(Beginning of Extracted entries)

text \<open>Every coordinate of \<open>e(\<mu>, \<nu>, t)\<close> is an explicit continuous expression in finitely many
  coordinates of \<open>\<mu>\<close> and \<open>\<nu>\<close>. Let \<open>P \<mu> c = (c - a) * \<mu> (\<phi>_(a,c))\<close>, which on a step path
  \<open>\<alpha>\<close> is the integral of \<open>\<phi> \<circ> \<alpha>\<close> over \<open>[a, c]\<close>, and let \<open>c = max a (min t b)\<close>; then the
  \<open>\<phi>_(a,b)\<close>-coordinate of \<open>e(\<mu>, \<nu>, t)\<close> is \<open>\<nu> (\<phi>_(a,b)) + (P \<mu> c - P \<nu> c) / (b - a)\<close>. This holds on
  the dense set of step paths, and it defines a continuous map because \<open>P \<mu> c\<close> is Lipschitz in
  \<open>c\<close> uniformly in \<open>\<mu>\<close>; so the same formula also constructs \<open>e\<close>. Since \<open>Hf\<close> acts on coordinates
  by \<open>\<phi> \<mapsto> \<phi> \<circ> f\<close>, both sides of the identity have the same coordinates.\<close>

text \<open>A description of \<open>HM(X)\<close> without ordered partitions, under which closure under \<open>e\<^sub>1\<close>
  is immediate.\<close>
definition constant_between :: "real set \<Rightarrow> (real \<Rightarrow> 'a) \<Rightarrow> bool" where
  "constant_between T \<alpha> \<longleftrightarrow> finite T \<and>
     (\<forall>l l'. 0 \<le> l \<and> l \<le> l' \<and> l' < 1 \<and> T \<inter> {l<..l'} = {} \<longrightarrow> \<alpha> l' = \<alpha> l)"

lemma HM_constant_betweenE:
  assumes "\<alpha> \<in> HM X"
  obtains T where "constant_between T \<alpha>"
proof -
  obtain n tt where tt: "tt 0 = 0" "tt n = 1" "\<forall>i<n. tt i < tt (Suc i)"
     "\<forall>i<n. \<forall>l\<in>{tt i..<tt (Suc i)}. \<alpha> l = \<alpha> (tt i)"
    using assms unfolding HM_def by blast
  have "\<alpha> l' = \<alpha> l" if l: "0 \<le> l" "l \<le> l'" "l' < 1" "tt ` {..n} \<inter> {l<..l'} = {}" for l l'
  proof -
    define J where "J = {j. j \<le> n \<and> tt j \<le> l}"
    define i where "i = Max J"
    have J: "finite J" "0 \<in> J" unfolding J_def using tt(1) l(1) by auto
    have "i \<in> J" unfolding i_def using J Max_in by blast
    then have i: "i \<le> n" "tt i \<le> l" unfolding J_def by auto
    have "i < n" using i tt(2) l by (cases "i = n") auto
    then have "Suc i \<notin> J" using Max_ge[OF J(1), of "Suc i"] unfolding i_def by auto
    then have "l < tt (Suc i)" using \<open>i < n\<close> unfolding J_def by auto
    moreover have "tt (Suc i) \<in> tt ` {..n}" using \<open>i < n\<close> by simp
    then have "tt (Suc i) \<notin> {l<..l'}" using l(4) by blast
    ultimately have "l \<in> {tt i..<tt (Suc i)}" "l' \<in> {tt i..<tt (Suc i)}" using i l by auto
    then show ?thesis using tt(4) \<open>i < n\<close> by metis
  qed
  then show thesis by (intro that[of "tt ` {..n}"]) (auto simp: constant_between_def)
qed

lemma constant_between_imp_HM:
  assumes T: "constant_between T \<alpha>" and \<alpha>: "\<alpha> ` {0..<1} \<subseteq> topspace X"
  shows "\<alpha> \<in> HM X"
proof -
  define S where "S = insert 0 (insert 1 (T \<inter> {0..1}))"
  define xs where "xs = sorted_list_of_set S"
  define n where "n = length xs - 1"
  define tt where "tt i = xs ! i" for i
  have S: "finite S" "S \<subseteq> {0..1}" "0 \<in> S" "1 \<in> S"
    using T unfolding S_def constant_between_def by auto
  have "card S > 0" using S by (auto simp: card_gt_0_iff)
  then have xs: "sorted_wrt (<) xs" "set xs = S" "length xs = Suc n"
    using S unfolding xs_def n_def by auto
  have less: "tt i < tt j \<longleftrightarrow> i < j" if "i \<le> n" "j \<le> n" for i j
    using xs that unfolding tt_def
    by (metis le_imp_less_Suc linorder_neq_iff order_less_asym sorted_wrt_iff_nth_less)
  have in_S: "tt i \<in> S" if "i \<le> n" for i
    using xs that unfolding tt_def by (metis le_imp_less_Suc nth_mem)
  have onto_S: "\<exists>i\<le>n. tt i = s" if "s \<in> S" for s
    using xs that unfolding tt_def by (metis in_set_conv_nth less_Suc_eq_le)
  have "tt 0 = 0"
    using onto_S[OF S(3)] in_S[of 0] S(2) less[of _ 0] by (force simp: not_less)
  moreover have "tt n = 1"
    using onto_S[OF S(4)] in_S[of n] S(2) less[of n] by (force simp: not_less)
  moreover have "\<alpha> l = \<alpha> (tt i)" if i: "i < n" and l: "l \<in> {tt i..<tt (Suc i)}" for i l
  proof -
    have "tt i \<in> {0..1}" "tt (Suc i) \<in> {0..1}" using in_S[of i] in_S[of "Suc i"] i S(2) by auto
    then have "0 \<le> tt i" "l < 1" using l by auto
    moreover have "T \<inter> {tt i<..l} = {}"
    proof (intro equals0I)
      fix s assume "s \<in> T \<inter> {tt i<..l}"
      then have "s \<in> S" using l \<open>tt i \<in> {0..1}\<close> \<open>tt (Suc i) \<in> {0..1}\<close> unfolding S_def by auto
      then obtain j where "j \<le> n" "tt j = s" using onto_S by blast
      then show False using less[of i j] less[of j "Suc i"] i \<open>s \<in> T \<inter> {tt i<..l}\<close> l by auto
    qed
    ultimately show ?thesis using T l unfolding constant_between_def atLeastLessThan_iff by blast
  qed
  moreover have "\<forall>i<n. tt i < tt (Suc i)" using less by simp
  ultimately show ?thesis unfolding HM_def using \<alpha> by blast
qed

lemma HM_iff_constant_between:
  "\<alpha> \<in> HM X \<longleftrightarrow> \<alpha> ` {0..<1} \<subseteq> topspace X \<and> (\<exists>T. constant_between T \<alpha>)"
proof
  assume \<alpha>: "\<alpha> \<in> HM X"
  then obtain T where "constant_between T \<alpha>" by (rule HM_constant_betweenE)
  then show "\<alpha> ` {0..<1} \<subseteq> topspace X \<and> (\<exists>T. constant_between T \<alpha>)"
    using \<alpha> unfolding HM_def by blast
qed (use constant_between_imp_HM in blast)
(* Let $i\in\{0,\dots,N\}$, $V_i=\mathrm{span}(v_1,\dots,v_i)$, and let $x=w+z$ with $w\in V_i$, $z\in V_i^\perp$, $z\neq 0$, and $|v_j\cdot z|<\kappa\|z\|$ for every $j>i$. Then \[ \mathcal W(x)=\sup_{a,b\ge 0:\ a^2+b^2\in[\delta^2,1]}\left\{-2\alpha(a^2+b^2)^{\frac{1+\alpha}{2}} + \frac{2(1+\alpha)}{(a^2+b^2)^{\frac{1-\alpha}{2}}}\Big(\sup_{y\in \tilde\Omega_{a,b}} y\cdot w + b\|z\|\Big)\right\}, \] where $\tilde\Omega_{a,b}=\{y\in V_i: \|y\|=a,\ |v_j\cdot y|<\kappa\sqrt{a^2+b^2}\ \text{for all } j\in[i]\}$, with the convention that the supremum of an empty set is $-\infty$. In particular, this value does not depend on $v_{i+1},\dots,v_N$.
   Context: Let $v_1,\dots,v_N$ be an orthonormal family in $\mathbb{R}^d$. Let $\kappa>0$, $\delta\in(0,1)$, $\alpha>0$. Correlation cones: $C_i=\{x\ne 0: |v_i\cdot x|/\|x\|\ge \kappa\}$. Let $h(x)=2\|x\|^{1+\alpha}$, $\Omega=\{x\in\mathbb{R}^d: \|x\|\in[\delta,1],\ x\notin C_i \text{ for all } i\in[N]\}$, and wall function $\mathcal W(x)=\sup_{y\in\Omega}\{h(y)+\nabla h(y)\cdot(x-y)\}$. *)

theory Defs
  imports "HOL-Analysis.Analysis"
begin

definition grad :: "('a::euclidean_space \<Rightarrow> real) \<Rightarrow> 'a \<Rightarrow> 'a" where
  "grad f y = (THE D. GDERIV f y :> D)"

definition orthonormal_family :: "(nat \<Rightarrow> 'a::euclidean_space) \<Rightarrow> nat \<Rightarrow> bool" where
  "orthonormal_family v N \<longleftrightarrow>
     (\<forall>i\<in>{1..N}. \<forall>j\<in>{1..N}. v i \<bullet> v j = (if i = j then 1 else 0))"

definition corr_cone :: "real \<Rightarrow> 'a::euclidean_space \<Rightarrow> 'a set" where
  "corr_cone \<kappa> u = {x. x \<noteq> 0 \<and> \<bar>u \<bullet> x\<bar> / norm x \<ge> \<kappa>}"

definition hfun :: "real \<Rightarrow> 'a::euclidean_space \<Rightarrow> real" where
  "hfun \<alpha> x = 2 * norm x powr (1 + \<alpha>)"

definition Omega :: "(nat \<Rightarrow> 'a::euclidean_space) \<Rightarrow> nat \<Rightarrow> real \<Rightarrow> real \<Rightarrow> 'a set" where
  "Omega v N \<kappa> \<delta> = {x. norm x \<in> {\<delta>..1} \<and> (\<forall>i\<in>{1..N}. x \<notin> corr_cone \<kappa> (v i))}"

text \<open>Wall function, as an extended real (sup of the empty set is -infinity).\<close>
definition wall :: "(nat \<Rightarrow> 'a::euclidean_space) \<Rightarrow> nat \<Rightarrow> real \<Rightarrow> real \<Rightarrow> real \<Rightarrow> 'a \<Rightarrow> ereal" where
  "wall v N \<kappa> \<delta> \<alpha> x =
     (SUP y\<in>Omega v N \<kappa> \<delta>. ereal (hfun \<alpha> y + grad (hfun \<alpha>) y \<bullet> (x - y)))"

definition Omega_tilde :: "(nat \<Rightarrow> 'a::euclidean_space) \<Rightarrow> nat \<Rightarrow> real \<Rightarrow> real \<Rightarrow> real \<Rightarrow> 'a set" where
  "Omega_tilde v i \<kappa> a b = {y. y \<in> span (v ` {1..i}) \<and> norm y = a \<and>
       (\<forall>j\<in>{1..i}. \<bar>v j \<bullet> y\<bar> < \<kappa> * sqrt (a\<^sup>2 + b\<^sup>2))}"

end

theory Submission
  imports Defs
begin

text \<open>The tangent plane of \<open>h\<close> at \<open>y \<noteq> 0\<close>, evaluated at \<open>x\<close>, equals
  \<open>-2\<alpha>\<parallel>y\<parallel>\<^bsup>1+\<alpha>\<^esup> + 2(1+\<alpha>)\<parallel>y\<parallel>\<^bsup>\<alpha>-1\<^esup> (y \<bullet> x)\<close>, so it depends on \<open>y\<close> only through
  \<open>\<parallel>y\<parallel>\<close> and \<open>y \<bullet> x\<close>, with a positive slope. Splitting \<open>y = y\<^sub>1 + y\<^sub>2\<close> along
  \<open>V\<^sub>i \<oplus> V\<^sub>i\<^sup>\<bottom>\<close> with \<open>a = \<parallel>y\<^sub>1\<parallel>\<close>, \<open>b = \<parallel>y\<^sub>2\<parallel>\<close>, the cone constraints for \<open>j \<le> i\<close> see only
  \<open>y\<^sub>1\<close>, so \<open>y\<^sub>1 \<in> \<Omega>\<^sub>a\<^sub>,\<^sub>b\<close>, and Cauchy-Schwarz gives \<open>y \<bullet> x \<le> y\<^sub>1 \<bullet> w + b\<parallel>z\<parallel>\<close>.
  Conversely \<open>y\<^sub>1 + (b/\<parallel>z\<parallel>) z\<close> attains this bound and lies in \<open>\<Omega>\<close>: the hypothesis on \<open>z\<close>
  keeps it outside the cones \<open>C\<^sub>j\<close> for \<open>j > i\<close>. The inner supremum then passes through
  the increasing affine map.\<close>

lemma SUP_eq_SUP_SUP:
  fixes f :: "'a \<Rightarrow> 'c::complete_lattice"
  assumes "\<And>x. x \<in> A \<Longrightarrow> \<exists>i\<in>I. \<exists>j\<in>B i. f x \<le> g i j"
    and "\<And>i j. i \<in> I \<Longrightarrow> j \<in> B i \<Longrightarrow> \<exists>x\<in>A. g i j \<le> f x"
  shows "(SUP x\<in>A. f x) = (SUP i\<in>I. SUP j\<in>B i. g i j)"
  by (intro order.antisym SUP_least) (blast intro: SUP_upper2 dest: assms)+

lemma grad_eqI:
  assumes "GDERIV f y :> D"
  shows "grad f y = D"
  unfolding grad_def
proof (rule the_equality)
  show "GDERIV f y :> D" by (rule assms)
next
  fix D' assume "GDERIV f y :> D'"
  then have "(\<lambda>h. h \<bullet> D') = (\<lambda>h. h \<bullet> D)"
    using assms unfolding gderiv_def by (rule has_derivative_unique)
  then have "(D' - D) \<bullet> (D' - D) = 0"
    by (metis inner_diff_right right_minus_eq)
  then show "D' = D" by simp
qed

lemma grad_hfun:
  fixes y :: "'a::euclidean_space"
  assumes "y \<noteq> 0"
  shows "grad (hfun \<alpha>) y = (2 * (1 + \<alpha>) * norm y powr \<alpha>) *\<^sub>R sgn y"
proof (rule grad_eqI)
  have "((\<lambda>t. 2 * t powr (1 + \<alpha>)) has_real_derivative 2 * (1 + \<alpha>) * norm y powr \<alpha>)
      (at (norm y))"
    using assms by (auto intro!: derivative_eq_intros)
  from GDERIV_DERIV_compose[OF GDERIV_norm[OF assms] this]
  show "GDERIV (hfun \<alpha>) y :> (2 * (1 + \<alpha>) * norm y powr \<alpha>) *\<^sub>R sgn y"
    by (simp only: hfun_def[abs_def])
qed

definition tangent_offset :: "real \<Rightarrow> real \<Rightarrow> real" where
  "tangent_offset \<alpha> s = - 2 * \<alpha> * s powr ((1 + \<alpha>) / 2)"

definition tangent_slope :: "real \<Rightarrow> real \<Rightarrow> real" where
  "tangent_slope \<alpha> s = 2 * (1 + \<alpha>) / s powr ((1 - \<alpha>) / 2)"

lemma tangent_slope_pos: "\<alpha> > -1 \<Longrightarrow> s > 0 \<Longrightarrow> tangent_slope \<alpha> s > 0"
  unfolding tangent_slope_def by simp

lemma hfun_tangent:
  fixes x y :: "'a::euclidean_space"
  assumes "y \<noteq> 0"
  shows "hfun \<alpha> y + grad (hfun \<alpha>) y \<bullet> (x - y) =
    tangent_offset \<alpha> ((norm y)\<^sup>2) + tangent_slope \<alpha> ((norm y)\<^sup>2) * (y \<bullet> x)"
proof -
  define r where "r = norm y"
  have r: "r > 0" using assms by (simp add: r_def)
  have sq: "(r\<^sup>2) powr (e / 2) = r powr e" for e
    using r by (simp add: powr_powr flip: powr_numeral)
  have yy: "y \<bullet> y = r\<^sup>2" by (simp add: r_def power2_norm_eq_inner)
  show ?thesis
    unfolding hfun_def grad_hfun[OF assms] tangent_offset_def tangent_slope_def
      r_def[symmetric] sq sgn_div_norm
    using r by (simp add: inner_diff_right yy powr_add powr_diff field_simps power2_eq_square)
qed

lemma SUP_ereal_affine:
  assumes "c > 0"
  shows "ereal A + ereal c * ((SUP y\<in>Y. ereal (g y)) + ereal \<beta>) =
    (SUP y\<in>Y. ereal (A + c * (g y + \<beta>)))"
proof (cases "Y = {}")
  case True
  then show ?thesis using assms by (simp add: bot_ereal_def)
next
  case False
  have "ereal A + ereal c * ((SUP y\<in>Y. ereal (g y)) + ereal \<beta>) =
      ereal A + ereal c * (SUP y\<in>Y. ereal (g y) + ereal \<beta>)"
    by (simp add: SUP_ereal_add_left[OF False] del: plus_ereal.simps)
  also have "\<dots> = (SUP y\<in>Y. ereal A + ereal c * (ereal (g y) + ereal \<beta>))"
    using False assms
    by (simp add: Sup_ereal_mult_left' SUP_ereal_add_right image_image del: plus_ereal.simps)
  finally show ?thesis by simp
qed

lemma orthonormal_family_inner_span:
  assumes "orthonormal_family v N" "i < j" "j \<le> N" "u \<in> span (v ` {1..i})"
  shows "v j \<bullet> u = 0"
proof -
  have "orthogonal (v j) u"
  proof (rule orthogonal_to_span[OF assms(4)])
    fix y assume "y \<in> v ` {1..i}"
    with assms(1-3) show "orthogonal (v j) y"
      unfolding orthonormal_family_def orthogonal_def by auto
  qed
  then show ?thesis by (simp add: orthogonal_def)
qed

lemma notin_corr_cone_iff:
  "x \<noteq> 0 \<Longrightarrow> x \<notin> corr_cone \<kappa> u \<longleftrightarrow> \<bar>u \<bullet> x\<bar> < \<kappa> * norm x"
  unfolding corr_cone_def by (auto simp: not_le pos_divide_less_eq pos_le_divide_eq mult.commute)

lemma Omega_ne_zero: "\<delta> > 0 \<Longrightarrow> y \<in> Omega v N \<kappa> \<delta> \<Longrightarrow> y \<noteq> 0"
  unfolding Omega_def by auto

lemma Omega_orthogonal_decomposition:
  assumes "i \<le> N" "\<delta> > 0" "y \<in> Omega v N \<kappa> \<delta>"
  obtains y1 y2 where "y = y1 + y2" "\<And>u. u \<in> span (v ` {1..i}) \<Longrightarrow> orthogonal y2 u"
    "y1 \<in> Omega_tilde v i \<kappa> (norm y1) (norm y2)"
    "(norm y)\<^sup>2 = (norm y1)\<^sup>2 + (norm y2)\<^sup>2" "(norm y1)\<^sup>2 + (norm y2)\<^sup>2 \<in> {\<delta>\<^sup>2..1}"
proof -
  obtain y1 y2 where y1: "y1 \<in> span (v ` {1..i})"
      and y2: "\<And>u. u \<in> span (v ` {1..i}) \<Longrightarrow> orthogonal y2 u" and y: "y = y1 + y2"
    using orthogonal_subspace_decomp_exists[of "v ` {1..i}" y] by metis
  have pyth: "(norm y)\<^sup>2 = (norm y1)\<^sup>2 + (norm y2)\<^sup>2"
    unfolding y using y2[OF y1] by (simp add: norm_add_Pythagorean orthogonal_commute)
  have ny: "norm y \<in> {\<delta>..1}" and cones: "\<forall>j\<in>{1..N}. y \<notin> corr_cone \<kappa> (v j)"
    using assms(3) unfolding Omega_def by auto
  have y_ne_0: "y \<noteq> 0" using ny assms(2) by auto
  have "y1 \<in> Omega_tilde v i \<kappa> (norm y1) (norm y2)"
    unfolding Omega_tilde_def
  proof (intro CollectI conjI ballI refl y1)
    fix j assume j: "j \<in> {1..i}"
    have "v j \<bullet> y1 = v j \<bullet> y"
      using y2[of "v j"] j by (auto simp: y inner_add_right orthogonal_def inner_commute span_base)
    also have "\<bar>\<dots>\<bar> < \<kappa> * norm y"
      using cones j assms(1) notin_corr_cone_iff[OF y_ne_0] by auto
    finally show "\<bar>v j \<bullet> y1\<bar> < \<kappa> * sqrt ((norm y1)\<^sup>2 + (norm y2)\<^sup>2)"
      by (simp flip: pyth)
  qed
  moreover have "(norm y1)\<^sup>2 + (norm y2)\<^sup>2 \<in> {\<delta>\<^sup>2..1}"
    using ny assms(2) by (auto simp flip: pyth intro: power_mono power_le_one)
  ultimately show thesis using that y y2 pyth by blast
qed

(End of Extracted entries)

> [The problem]: Look at the entries above. Say how many lines have the word "longleftrightarrow", and give only the number.

> [Answer section]: 5